| TASK TO COMPLETE |
Answer with nothing but the number of lines in the listing below that contain "matrix".

| INFORMATION PROVIDED |
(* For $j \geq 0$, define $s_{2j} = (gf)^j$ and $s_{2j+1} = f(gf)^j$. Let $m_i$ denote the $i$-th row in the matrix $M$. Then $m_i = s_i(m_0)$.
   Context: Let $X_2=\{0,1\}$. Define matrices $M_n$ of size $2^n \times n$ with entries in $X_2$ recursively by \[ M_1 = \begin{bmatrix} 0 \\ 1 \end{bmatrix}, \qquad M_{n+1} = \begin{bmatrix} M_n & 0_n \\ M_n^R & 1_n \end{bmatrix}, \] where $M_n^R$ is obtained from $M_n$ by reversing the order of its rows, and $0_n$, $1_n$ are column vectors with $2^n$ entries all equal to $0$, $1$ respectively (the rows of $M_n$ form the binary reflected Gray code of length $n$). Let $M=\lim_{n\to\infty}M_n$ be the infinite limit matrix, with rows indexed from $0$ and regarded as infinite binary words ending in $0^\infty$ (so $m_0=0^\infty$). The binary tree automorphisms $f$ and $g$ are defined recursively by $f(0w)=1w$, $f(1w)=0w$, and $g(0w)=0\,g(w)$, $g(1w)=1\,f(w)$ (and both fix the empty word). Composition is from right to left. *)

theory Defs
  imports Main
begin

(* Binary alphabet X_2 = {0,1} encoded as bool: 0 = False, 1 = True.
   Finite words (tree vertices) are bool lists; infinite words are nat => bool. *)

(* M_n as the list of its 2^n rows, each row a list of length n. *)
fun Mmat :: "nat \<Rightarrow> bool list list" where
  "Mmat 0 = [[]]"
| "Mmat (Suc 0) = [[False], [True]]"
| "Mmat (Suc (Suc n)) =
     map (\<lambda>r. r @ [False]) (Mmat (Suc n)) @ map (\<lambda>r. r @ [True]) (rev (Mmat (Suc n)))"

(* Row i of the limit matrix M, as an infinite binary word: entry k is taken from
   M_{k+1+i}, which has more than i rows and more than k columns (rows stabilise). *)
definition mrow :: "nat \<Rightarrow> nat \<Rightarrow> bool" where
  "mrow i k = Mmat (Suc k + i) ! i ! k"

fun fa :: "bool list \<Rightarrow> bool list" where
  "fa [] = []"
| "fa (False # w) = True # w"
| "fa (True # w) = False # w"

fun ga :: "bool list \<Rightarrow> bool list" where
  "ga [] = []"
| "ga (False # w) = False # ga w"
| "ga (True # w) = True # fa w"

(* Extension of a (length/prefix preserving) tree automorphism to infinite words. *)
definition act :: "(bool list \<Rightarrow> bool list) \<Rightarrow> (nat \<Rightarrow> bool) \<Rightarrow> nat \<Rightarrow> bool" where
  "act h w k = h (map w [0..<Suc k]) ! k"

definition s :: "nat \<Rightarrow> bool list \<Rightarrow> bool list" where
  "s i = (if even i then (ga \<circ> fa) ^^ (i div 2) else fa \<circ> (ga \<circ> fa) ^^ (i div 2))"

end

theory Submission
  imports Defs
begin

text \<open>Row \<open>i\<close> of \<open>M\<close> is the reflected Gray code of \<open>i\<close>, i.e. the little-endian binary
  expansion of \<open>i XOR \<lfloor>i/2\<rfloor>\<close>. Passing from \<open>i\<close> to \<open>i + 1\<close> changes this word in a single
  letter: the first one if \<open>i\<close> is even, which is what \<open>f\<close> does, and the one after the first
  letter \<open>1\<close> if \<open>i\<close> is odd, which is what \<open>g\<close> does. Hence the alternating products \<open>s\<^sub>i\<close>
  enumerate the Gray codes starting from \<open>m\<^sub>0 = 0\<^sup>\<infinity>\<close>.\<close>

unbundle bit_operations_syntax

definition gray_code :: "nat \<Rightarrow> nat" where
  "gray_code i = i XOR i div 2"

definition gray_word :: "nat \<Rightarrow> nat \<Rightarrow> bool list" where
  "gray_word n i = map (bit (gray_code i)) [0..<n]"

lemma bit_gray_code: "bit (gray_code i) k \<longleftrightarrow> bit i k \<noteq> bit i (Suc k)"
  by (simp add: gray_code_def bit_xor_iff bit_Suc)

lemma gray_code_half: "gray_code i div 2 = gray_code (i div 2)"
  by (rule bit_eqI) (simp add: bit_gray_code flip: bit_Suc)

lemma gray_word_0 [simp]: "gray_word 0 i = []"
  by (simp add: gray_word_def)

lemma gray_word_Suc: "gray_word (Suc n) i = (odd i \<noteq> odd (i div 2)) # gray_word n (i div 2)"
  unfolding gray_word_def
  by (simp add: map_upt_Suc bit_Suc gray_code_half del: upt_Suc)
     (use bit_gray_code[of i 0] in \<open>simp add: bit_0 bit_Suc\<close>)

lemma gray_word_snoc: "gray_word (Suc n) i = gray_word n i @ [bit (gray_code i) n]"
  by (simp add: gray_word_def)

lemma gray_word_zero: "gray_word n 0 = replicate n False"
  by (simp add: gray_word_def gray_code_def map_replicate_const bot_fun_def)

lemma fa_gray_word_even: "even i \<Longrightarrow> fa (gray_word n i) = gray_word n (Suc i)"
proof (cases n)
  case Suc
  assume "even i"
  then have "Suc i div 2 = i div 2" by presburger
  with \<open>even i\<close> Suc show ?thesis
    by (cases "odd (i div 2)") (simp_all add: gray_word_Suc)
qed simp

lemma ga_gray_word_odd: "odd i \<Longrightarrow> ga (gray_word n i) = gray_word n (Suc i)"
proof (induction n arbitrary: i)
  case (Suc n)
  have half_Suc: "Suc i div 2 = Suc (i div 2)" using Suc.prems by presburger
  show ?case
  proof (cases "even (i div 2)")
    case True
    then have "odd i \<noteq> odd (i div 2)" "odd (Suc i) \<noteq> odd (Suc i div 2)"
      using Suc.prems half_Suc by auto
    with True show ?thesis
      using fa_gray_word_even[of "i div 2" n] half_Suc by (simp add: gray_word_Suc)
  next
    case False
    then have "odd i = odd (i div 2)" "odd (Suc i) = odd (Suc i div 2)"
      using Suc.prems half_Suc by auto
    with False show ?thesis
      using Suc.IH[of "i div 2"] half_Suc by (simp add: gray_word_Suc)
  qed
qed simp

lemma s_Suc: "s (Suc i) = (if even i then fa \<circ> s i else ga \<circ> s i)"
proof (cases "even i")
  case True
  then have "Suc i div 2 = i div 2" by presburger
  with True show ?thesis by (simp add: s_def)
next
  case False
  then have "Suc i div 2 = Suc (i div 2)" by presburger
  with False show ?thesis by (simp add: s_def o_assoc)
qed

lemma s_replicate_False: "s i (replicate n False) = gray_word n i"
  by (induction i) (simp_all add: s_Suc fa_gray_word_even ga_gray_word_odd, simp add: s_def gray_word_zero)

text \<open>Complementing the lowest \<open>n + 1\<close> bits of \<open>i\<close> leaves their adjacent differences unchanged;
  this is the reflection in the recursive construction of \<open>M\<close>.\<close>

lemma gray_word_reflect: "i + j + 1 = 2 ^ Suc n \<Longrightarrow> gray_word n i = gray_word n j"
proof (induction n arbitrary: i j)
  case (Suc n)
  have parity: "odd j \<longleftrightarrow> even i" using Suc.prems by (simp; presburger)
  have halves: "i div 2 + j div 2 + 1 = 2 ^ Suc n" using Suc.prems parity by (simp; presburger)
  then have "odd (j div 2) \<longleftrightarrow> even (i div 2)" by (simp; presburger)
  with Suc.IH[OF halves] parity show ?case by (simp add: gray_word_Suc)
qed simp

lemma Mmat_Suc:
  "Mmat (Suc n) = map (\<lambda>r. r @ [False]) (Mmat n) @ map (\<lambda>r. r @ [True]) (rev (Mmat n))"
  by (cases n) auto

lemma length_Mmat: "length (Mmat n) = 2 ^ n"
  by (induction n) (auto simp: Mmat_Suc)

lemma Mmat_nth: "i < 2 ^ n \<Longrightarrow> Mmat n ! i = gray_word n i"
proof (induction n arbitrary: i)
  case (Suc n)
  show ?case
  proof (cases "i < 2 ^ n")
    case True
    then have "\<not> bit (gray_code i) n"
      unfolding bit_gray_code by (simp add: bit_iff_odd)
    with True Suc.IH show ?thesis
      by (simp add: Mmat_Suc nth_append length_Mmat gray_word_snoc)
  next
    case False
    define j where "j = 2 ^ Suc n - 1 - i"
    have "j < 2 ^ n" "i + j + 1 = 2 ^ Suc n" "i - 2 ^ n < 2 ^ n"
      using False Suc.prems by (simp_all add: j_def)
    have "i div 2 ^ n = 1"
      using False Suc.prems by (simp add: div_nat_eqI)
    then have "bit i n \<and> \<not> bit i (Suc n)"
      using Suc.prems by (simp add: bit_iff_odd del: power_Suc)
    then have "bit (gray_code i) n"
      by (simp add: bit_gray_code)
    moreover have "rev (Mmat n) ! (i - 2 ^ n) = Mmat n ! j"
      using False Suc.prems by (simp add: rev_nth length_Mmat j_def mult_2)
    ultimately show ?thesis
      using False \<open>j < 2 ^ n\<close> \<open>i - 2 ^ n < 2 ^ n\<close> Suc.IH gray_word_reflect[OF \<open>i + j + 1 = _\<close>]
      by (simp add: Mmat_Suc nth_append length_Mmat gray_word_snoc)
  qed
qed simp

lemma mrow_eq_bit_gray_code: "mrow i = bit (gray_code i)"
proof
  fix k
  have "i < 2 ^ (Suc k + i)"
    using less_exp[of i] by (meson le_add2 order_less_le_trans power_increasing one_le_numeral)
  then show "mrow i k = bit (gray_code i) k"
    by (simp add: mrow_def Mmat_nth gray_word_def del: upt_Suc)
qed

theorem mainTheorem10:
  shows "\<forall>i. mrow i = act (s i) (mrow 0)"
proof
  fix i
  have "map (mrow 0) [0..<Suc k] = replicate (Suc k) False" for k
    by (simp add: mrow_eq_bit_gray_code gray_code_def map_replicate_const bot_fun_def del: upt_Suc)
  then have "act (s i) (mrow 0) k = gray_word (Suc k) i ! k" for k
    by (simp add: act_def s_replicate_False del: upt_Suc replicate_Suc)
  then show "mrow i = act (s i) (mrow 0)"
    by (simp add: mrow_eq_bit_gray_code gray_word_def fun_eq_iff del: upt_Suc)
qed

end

| SOLUTION |
3